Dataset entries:
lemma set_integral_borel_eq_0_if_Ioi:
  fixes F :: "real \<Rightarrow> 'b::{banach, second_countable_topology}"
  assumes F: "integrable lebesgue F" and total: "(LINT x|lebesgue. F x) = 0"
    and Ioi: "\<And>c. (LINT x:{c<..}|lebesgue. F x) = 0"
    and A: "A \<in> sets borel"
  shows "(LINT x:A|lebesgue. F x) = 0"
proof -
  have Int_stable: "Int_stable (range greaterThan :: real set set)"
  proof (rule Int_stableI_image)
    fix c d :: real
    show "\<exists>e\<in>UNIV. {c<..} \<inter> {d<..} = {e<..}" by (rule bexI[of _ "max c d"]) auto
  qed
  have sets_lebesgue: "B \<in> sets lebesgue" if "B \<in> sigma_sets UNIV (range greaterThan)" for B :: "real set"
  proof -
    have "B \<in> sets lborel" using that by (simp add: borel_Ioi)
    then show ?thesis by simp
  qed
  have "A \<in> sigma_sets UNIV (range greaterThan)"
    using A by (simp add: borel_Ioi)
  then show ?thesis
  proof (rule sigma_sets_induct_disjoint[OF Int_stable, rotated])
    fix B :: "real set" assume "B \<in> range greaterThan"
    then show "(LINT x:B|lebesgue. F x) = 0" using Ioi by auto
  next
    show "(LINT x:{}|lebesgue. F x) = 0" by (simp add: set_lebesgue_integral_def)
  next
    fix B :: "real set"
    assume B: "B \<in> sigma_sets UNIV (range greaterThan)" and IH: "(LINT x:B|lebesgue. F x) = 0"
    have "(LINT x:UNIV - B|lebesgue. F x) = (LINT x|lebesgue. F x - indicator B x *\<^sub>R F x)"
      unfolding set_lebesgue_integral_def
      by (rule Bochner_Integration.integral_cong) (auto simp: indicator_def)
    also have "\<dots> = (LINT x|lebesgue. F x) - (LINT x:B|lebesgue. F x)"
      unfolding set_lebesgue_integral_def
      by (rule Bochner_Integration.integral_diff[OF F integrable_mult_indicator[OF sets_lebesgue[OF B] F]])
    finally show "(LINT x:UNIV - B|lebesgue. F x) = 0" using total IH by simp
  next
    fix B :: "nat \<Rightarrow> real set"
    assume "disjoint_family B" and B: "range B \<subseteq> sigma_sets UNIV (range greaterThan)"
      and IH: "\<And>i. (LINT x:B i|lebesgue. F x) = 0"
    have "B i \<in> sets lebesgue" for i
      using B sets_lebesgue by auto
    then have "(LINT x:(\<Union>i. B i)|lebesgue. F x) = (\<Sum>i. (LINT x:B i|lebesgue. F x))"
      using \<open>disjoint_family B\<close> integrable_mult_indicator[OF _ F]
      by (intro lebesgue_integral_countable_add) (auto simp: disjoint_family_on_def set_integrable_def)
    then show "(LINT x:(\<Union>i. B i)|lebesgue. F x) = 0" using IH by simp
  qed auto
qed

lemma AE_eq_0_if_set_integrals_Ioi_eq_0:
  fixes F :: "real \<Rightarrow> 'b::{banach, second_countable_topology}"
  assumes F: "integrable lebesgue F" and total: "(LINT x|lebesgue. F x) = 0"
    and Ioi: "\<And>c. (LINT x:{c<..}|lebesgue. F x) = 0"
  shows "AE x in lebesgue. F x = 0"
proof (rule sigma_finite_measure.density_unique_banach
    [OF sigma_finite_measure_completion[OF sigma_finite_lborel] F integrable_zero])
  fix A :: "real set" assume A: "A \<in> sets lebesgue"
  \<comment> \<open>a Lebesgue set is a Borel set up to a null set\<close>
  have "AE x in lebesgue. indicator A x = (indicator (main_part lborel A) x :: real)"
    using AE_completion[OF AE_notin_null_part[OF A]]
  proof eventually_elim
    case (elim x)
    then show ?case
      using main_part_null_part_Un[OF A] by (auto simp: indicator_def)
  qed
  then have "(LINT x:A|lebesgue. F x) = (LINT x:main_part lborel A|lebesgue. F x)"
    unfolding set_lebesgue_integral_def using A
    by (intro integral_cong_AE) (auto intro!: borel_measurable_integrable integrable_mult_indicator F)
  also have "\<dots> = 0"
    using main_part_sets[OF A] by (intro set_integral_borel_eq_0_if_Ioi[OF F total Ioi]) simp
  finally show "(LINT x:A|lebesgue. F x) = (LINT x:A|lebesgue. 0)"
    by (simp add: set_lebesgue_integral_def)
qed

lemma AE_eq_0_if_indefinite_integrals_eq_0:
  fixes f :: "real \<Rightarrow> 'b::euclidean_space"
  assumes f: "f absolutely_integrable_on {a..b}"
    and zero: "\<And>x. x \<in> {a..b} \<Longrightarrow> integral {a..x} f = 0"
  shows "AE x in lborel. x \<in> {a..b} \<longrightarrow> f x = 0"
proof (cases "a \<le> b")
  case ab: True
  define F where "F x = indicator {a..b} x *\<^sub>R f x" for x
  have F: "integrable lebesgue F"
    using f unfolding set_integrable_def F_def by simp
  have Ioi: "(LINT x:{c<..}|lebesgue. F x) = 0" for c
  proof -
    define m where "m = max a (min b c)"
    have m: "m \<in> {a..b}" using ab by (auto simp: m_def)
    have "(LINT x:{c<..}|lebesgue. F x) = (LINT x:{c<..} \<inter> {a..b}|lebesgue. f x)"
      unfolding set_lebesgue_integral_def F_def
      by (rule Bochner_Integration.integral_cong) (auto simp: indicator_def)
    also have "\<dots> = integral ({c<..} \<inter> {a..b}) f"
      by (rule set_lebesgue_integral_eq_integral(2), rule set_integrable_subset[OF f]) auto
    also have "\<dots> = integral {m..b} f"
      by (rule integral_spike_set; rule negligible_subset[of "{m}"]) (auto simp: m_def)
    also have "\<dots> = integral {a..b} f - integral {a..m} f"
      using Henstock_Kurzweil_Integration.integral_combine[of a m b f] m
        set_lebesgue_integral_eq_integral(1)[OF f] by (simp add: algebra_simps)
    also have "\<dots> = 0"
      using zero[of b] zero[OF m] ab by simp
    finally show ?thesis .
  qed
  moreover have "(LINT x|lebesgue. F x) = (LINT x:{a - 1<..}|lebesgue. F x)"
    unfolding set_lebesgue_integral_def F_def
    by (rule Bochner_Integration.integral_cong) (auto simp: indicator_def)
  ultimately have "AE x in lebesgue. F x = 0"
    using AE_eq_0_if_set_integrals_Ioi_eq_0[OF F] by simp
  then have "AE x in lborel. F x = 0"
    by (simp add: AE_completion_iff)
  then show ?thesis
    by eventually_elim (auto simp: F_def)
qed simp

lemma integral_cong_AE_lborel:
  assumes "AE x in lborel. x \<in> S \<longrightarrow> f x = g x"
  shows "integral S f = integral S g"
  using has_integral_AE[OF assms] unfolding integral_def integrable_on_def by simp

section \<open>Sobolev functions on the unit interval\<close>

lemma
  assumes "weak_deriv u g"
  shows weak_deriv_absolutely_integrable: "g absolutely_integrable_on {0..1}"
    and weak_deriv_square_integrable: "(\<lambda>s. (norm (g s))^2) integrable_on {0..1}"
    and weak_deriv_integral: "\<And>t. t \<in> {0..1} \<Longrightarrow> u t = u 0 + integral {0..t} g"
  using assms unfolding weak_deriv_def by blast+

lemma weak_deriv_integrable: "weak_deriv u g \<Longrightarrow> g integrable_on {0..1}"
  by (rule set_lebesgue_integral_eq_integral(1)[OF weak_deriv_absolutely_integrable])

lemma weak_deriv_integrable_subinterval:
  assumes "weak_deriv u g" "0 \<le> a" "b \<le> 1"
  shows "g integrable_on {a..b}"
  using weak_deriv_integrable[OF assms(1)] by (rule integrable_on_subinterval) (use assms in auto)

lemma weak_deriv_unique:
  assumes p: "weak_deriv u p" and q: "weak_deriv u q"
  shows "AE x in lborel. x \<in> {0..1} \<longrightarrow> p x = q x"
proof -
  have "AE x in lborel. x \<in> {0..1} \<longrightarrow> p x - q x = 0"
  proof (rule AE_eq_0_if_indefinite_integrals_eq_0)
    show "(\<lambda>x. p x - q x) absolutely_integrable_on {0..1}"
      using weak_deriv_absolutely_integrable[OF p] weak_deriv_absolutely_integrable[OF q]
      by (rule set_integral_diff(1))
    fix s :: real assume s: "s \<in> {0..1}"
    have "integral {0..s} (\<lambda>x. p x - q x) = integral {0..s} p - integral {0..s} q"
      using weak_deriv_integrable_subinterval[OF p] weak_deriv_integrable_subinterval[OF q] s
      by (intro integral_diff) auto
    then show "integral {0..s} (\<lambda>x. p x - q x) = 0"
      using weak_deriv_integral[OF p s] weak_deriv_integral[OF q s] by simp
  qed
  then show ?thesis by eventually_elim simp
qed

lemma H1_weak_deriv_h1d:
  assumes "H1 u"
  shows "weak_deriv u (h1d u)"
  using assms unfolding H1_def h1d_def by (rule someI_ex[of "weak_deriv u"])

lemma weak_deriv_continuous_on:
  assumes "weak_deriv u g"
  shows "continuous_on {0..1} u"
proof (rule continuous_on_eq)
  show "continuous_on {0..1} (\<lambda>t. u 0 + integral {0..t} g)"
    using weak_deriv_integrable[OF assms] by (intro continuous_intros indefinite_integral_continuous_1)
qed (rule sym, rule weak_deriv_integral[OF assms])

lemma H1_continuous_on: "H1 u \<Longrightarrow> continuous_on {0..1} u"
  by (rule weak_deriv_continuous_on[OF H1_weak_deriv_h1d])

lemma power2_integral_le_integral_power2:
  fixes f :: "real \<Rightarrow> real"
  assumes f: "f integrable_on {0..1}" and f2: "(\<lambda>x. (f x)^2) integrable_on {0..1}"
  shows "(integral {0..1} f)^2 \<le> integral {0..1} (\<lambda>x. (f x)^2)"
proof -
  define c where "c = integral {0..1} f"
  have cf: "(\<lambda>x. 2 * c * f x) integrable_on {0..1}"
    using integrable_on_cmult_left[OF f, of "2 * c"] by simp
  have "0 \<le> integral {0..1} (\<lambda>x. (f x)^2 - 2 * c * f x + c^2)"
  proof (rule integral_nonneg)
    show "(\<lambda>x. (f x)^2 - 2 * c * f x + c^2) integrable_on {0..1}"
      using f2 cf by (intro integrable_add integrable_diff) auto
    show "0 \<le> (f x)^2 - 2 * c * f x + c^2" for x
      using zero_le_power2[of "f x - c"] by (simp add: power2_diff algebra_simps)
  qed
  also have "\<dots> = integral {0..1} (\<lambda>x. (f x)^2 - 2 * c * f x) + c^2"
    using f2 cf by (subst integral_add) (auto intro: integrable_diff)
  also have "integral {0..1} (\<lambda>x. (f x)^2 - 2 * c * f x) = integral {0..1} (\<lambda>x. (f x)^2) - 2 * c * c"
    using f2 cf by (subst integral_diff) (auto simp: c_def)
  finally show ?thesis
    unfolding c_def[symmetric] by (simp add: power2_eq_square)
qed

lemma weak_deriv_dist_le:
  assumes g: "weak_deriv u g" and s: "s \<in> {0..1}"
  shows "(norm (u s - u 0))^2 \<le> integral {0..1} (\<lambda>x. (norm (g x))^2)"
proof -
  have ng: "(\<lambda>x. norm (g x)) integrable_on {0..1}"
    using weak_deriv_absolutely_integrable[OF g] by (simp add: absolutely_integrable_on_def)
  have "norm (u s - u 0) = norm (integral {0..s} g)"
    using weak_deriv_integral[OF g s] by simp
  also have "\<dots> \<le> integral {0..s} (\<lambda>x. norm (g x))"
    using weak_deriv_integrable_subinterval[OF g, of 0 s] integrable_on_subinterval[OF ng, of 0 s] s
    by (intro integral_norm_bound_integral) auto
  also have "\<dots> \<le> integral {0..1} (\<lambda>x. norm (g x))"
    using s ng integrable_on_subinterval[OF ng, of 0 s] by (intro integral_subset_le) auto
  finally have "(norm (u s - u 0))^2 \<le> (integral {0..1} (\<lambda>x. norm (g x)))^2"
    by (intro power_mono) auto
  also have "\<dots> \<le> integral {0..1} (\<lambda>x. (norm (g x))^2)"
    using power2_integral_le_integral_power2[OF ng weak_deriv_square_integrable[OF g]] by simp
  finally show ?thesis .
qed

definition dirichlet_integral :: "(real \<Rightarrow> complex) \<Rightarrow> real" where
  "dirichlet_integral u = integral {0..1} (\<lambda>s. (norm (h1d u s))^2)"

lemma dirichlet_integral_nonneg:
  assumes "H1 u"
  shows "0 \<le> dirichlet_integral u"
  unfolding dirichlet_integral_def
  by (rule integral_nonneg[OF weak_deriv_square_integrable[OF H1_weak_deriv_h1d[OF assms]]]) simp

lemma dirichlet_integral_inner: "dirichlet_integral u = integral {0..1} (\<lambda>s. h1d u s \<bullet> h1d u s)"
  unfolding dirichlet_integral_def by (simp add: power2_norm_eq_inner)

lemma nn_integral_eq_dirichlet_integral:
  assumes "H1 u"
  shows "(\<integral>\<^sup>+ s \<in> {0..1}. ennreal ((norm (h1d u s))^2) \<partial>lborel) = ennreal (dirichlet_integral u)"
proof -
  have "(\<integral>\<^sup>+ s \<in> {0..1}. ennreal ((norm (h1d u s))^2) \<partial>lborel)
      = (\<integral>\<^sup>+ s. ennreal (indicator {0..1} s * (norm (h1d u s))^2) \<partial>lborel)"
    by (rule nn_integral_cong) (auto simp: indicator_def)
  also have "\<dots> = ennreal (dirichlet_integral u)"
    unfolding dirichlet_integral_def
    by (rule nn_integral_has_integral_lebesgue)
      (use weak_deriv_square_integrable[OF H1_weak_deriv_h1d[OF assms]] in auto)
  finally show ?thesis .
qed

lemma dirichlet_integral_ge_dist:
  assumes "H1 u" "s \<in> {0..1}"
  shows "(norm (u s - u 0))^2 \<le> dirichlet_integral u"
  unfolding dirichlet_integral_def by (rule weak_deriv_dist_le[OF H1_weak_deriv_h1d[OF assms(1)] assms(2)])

_Problem to work on_. Beginning with the line above that contains "S \<longrightarrow> f", copy each line exactly up to and including the line that contains "by (intro integral_diff) auto", and go no further.

_Reply to the exercise_.
  assumes "AE x in lborel. x \<in> S \<longrightarrow> f x = g x"
  shows "integral S f = integral S g"
  using has_integral_AE[OF assms] unfolding integral_def integrable_on_def by simp

section \<open>Sobolev functions on the unit interval\<close>

lemma
  assumes "weak_deriv u g"
  shows weak_deriv_absolutely_integrable: "g absolutely_integrable_on {0..1}"
    and weak_deriv_square_integrable: "(\<lambda>s. (norm (g s))^2) integrable_on {0..1}"
    and weak_deriv_integral: "\<And>t. t \<in> {0..1} \<Longrightarrow> u t = u 0 + integral {0..t} g"
  using assms unfolding weak_deriv_def by blast+

lemma weak_deriv_integrable: "weak_deriv u g \<Longrightarrow> g integrable_on {0..1}"
  by (rule set_lebesgue_integral_eq_integral(1)[OF weak_deriv_absolutely_integrable])

lemma weak_deriv_integrable_subinterval:
  assumes "weak_deriv u g" "0 \<le> a" "b \<le> 1"
  shows "g integrable_on {a..b}"
  using weak_deriv_integrable[OF assms(1)] by (rule integrable_on_subinterval) (use assms in auto)

lemma weak_deriv_unique:
  assumes p: "weak_deriv u p" and q: "weak_deriv u q"
  shows "AE x in lborel. x \<in> {0..1} \<longrightarrow> p x = q x"
proof -
  have "AE x in lborel. x \<in> {0..1} \<longrightarrow> p x - q x = 0"
  proof (rule AE_eq_0_if_indefinite_integrals_eq_0)
    show "(\<lambda>x. p x - q x) absolutely_integrable_on {0..1}"
      using weak_deriv_absolutely_integrable[OF p] weak_deriv_absolutely_integrable[OF q]
      by (rule set_integral_diff(1))
    fix s :: real assume s: "s \<in> {0..1}"
    have "integral {0..s} (\<lambda>x. p x - q x) = integral {0..s} p - integral {0..s} q"
      using weak_deriv_integrable_subinterval[OF p] weak_deriv_integrable_subinterval[OF q] s
      by (intro integral_diff) auto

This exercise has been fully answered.